The database itself isn't huge:

=> select count(*) from searchables;
 count
--------
 622398

So we're not even in the millions. search_on is typically just company and stock names, so for example "alphabet inc. class c goog", which is a combination of the security name and ticker.

What I'm finding is that the addition of the prefix seems to add a LOT of overhead. And the speed of the queries I'm getting are much lower than I'd have expected. I realize a lot of factors go into how quickly a query returns but I'm just surprised at how slow this is. My setup is this:

Postgres: 9.6.6
AWS RDS: m4.large
500GB General Purpose SSD
Standard AWS Parameter Group

Here's a few sample EXPLAINs. Am I missing something here? Is 100's of ms the expected performance to search small strings over a few hundred thousand rows?
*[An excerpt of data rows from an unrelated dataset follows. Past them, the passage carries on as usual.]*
lemma laplacian_gdist_eq_if_gdist_sum_eq:
  assumes "x \<in> V" and curv: "\<forall>u v. E u v \<longrightarrow> ollivier V E u v \<ge> K"
    and sum_eq: "K * (\<Sum>z\<in>V. real (gdist E x z)) = real (card V) * real (Deg V E x)"
    and "z \<in> V"
  shows "laplacian V E (\<lambda>w. real (gdist E x w)) z = real (Deg V E x) - K * real (gdist E x z)"
proof (rule sum_mono_inv[OF _ _ \<open>z \<in> V\<close> finite_V])
  show "(\<Sum>z\<in>V. laplacian V E (\<lambda>w. real (gdist E x w)) z)
      = (\<Sum>z\<in>V. real (Deg V E x) - K * real (gdist E x z))"
    using sum_eq by (simp add: laplacian_sum_eq_0 sum_subtractf sum_distrib_left)
qed (rule laplacian_gdist_le[OF assms(1,2)])

lemma rigidity_if_diam_eff_eq:
  assumes "K > 0" and curv: "\<forall>u v. E u v \<longrightarrow> ollivier V E u v \<ge> K"
    and diam: "diam_eff V E = real (maxDeg V E) / K" and "x \<in> V"
  shows "Deg V E x = maxDeg V E"
    and "K * (\<Sum>z\<in>V. real (gdist E x z)) = real (card V) * real (Deg V E x)"
proof -
  let ?n = "real (card V)" and ?D = "real (maxDeg V E)"
  let ?s = "\<lambda>a. K * (\<Sum>z\<in>V. real (gdist E a z))"
  have "?n > 0"
    using simple finite_V unfolding simple_graph_def by (simp add: card_gt_0_iff)
  have s_le: "?s a \<le> ?n * real (Deg V E a)" if "a \<in> V" for a
    using gdist_sum_le[OF that curv] .
  have s_le_D: "?s a \<le> ?n * ?D" if "a \<in> V" for a
    using s_le[OF that] Deg_le_maxDeg[OF that]
    by (meson order_trans mult_left_mono of_nat_0_le_iff of_nat_mono)
  have "(\<Sum>a\<in>V. ?s a) = K * (\<Sum>a\<in>V. \<Sum>z\<in>V. real (gdist E a z))"
    by (simp add: sum_distrib_left)
  also have "\<dots> = K * (?n\<^sup>2 * diam_eff V E)"
    using \<open>?n > 0\<close> by (simp add: diam_eff_def)
  also have "\<dots> = (\<Sum>a\<in>V. ?n * ?D)"
    using diam \<open>K > 0\<close> by (simp add: power2_eq_square)
  finally have "?s x = ?n * ?D"
    using s_le_D by (rule sum_mono_inv[OF _ _ \<open>x \<in> V\<close> finite_V])
  with s_le[OF \<open>x \<in> V\<close>] \<open>?n > 0\<close> have "maxDeg V E \<le> Deg V E x"
    by (metis mult_le_cancel_left_pos of_nat_le_iff)
  with Deg_le_maxDeg[OF \<open>x \<in> V\<close>] show "Deg V E x = maxDeg V E" by simp
  with \<open>?s x = ?n * ?D\<close> show "?s x = ?n * real (Deg V E x)" by simp
qed

lemma ollivier_le_if_laplacian_gdist_eq:
  assumes "E u v"
    and lap: "\<forall>z\<in>V. laplacian V E (\<lambda>w. real (gdist E u w)) z
                    = real (Deg V E u) - K * real (gdist E u z)"
  shows "ollivier V E u v \<le> K"
proof -
  have "ollivier V E u v \<le> laplacian V E (\<lambda>w. real (gdist E u w)) u
                          - laplacian V E (\<lambda>w. real (gdist E u w)) v"
    using assms(1) gdist_lipschitz[OF edge_in_V(1)[OF assms(1)]]
    by (intro ollivier_le_laplacian_diff) (auto simp: gdist_edge gdist_refl)
  also have "\<dots> = K"
    using lap edge_in_V[OF assms(1)] by (simp add: gdist_edge[OF assms(1)] gdist_refl)
  finally show ?thesis .
qed

end

theorem lemma3p2:
  fixes V :: "'a set" and E :: "'a \<Rightarrow> 'a \<Rightarrow> bool" and K :: real and x :: 'a
  assumes "simple_graph V E" and "connected_graph V E"
    and "K > 0"
    and "\<forall>u v. E u v \<longrightarrow> ollivier V E u v \<ge> K"
    and "diam_eff V E = real (maxDeg V E) / K"
    and "x \<in> V"
  shows "(\<forall>z\<in>V. laplacian V E (\<lambda>w. real (gdist E x w)) z
                 = real (Deg V E x) - K * real (gdist E x z))
      \<and> (\<forall>v\<in>V. Deg V E v = maxDeg V E)
      \<and> (\<forall>u v. E u v \<longrightarrow> ollivier V E u v = K)"
proof -
  interpret connected_simple_graph V E
    using assms(1,2) by unfold_locales
  note rigid = rigidity_if_diam_eff_eq[OF assms(3-5)]
  have lap: "\<forall>z\<in>V. laplacian V E (\<lambda>w. real (gdist E a w)) z
                   = real (Deg V E a) - K * real (gdist E a z)" if "a \<in> V" for a
    using laplacian_gdist_eq_if_gdist_sum_eq[OF that assms(4) rigid(2)[OF that]] by blast
  have "ollivier V E u v = K" if "E u v" for u v
    using ollivier_le_if_laplacian_gdist_eq[OF that lap[OF edge_in_V(1)[OF that]]]
      assms(4) that by (meson order_antisym)
  then show ?thesis
    using lap[OF assms(6)] rigid(1) by blast
qed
It makes it pretty difficult to produce a decent user experience when you add in hte overhead of my web server + network. 300ms of a direct access query to the DB is not really cutting it for my use-case.

Query 1: Prefix Preference

EXPLAIN ANALYZE SELECT *
FROM "searchables"
WHERE (search_on % 'partners value inves')
ORDER BY search_on NOT LIKE 'partners value inves%', search_on <-> 'partners value inves' LIMIT 50;
                                                                           QUERY PLAN
-----------------------------------------------------------------------------------------------------------------------------------------------------------------
 Limit  (cost=2243.61..2243.73 rows=50 width=241) (actual time=1497.445..1497.479 rows=50 loops=1)
   ->  Sort  (cost=2243.61..2245.16 rows=622 width=241) (actual time=1497.443..1497.454 rows=50 loops=1)
         Sort Key: ((search_on !~~ 'partners value inves%'::text)), ((search_on <-> 'partners value inves'::text))
         Sort Method: top-N heapsort  Memory: 38kB
         ->  Bitmap Heap Scan on searchables  (cost=77.23..2222.94 rows=622 width=241) (actual time=340.089..1433.072 rows=100430 loops=1)
               Recheck Cond: (search_on % 'partners value inves'::text)
               Heap Blocks: exact=20161
               ->  Bitmap Index Scan on index_searchables_on_search_on  (cost=0.00..77.08 rows=622 width=0) (actual time=336.245..336.245 rows=100430 loops=1)
                     Index Cond: (search_on % 'partners value inves'::text)
 Planning time: 0.092 ms
 Execution time: 1497.529 ms

Query 2 – Non prefix preference

EXPLAIN ANALYZE SELECT *
FROM "searchables"
WHERE (search_on % 'partners value inves')
ORDER BY search_on <-> 'partners value inves' LIMIT 50;
                                                                           QUERY PLAN
----------------------------------------------------------------------------------------------------------------------------------------------------------------
 Limit  (cost=0.41..204.43 rows=50 width=240) (actual time=330.725..331.394 rows=50 loops=1)
   ->  Index Scan using index_searchables_on_search_on on searchables  (cost=0.41..2538.40 rows=622 width=240) (actual time=330.721..331.369 rows=50 loops=1)
         Index Cond: (search_on % 'partners value inves'::text)
         Order By: (search_on <-> 'partners value inves'::text)
 Planning time: 0.092 ms
 Execution time: 331.446 ms

I'm wondering if there's any tuning of RDS I should be paying attention to, or a better type of index I can use to do this prefix preferred, similarity matching for a typeahead?

Best Answer

Trigram similarity and distance operators put more weight on leading matches (prefix) automatically and to a lesser extent on trailing matches (suffix), due to the way trigrams are extracted from strings. The manual:

Each word is considered to have two spaces prefixed and one space suffixed when determining the set of trigrams contained in the string.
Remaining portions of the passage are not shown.